* [PROMPT] Exact reproduction required: the lines below from the line with "c = Poly_Mapping.single" to the line with "polyS n \<and>", both ends included, and no others.

* [INFORMATION PROVIDED]
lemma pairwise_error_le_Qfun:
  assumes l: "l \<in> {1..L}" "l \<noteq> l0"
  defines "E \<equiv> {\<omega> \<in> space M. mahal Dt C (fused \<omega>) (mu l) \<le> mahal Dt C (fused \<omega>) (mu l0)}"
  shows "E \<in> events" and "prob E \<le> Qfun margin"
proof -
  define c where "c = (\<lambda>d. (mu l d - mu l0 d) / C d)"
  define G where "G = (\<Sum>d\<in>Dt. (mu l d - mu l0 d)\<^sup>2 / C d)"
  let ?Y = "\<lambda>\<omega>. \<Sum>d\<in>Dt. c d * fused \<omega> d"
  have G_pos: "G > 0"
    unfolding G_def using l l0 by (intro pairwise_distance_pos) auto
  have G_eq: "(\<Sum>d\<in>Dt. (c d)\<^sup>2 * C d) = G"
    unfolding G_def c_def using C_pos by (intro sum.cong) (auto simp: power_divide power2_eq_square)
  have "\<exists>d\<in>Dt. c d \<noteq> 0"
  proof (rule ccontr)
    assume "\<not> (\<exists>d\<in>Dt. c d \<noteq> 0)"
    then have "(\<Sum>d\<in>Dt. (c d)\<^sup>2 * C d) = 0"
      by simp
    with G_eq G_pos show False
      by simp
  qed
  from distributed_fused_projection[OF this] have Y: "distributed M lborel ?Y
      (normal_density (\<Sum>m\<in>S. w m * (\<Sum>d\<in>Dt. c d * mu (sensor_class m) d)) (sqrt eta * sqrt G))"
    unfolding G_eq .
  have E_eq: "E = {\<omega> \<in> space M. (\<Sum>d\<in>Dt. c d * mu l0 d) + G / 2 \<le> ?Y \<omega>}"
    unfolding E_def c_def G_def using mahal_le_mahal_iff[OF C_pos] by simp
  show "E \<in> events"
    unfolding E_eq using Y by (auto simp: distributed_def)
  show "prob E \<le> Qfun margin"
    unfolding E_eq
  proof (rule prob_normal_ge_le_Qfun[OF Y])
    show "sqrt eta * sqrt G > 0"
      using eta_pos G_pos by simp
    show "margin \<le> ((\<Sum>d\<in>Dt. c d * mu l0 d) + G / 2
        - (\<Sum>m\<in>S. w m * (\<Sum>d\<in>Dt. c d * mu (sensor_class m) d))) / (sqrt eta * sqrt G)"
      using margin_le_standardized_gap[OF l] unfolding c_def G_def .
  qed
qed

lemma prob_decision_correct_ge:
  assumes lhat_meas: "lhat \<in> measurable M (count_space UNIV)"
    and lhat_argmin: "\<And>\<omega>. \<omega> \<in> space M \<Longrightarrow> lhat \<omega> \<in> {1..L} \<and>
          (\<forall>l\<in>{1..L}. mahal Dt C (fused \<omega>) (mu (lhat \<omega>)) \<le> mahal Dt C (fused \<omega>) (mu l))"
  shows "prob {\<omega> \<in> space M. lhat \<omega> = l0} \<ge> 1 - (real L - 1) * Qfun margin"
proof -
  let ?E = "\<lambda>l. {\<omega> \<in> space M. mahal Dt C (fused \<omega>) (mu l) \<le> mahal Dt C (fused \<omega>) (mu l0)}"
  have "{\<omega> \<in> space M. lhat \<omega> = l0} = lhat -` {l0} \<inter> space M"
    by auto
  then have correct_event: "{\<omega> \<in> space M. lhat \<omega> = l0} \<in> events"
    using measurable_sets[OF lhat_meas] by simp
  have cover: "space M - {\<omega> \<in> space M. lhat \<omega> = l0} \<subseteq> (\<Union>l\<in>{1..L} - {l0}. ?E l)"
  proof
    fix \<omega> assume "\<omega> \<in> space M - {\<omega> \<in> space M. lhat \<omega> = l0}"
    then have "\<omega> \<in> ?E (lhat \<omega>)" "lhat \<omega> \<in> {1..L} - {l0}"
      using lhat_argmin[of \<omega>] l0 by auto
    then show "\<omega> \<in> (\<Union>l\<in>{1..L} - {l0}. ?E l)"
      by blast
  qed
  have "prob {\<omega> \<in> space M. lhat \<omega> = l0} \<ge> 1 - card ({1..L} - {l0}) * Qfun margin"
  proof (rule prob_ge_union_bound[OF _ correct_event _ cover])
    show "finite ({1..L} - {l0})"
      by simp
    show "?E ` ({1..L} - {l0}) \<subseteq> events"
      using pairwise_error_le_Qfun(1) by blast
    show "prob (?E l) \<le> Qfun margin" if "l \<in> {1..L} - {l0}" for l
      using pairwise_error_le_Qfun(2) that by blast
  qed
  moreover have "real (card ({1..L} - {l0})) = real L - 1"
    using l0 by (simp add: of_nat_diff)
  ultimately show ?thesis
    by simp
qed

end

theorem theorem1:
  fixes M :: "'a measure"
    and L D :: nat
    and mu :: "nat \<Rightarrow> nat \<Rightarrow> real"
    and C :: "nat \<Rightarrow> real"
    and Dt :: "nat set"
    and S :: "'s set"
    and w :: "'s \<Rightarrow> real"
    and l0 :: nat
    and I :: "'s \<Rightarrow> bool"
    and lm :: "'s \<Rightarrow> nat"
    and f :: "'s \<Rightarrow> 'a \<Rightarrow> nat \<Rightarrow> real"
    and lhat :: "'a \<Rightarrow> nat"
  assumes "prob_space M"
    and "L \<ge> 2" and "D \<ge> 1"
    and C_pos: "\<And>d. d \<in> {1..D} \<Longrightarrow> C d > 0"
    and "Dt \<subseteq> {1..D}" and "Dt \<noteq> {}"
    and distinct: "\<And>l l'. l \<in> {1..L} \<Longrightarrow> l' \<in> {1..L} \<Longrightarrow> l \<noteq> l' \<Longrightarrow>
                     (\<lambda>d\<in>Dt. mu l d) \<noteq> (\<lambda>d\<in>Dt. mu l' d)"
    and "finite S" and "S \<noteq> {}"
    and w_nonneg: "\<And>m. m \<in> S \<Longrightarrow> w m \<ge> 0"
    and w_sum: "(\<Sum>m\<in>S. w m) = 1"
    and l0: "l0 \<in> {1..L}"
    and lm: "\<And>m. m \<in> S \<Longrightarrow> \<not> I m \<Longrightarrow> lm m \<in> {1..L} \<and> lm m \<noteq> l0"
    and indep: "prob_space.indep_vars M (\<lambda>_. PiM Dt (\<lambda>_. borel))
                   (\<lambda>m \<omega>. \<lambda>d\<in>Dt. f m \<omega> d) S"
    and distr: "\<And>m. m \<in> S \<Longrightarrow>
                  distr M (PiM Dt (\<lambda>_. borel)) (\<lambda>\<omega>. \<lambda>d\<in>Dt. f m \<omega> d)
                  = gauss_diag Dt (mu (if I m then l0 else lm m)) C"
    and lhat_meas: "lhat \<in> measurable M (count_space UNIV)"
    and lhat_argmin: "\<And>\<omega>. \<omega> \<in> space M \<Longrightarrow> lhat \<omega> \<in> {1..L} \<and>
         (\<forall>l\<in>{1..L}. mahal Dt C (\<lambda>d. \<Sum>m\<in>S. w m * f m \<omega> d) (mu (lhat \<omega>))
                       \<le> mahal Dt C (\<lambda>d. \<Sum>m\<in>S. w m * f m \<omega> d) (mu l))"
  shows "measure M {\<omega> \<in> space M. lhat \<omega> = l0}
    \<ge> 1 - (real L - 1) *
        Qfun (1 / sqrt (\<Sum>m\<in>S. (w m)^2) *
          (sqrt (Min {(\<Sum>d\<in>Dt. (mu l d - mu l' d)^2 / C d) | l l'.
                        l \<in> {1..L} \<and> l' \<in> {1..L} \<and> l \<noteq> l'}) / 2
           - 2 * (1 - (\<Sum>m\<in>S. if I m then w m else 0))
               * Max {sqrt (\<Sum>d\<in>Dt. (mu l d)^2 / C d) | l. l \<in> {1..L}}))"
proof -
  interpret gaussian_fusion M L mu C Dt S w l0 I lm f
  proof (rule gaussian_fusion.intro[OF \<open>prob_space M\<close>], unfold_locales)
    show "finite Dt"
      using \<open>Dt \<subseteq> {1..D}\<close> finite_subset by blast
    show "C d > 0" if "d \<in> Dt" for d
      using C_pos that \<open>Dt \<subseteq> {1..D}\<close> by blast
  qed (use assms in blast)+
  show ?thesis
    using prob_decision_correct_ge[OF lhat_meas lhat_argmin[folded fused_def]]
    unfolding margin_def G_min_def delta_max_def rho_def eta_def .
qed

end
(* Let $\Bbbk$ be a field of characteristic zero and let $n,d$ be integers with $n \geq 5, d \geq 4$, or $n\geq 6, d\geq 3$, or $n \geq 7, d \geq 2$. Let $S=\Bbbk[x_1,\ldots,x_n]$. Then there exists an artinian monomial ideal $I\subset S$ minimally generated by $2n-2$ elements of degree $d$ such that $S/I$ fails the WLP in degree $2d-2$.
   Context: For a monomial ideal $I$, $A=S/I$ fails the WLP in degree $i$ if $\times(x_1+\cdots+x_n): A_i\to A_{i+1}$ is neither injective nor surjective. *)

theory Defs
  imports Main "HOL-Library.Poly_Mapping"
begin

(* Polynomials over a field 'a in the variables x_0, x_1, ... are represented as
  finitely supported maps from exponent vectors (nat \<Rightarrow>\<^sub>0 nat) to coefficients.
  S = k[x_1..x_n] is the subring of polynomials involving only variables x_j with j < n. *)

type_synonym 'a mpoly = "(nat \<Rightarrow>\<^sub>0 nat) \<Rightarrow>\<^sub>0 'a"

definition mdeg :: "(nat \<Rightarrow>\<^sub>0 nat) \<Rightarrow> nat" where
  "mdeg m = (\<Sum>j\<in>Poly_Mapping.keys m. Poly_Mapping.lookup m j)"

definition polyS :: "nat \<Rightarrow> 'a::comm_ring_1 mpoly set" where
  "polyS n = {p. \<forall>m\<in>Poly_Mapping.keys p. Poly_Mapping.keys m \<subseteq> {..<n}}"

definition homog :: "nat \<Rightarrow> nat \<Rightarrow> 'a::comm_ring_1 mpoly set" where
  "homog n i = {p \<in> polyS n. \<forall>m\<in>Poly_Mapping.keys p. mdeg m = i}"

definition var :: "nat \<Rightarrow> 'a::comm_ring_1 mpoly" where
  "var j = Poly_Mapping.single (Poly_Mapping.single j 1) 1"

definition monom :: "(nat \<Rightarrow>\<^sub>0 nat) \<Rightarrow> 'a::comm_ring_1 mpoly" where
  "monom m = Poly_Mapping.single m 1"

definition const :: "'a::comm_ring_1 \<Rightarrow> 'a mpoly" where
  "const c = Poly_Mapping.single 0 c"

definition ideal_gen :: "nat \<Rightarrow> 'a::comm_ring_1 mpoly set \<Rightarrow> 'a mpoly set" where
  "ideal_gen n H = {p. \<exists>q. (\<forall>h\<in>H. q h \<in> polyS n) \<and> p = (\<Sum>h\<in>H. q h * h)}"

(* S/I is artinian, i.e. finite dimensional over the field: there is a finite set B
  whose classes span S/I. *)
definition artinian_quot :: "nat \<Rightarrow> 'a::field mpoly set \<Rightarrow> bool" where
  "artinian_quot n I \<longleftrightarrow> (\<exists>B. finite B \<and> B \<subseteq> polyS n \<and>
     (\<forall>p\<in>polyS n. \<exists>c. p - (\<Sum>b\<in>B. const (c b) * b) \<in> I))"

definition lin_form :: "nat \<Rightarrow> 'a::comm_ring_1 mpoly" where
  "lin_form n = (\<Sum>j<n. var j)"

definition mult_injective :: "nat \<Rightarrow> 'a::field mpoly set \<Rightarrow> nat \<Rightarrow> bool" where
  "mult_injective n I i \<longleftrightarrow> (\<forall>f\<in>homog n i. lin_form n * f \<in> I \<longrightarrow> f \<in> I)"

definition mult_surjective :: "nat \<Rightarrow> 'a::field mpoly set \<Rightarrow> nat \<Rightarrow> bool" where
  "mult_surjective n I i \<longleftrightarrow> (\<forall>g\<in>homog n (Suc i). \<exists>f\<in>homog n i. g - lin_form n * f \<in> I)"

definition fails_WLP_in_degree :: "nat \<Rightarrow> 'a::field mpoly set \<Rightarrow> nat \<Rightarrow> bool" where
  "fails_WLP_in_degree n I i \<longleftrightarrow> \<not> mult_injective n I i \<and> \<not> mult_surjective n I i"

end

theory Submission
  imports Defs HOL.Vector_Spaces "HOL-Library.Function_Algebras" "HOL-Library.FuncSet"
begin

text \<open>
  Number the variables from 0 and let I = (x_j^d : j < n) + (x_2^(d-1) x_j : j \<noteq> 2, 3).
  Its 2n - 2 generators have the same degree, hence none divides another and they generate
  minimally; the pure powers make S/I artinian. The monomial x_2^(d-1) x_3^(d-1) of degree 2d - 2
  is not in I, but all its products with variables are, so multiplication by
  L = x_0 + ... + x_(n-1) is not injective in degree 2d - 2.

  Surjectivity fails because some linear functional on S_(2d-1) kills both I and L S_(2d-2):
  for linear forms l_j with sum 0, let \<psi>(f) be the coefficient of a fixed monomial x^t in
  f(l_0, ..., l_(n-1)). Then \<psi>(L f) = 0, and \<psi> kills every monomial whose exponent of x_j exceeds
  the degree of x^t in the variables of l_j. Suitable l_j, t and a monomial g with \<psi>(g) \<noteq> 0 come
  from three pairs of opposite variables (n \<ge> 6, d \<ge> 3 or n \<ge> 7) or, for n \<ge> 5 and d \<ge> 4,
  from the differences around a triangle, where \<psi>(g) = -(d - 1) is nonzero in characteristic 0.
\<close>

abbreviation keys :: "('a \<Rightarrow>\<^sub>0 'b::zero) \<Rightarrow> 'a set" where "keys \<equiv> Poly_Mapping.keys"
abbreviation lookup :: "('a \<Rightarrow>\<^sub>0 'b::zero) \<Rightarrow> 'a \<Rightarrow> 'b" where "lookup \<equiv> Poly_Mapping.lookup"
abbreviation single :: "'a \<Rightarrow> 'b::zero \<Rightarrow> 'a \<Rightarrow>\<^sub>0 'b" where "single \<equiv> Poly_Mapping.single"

* [EXPECTED OUTPUT]
  "const c = Poly_Mapping.single 0 c"

definition ideal_gen :: "nat \<Rightarrow> 'a::comm_ring_1 mpoly set \<Rightarrow> 'a mpoly set" where
  "ideal_gen n H = {p. \<exists>q. (\<forall>h\<in>H. q h \<in> polyS n) \<and> p = (\<Sum>h\<in>H. q h * h)}"

(* S/I is artinian, i.e. finite dimensional over the field: there is a finite set B
  whose classes span S/I. *)
definition artinian_quot :: "nat \<Rightarrow> 'a::field mpoly set \<Rightarrow> bool" where
  "artinian_quot n I \<longleftrightarrow> (\<exists>B. finite B \<and> B \<subseteq> polyS n \<and>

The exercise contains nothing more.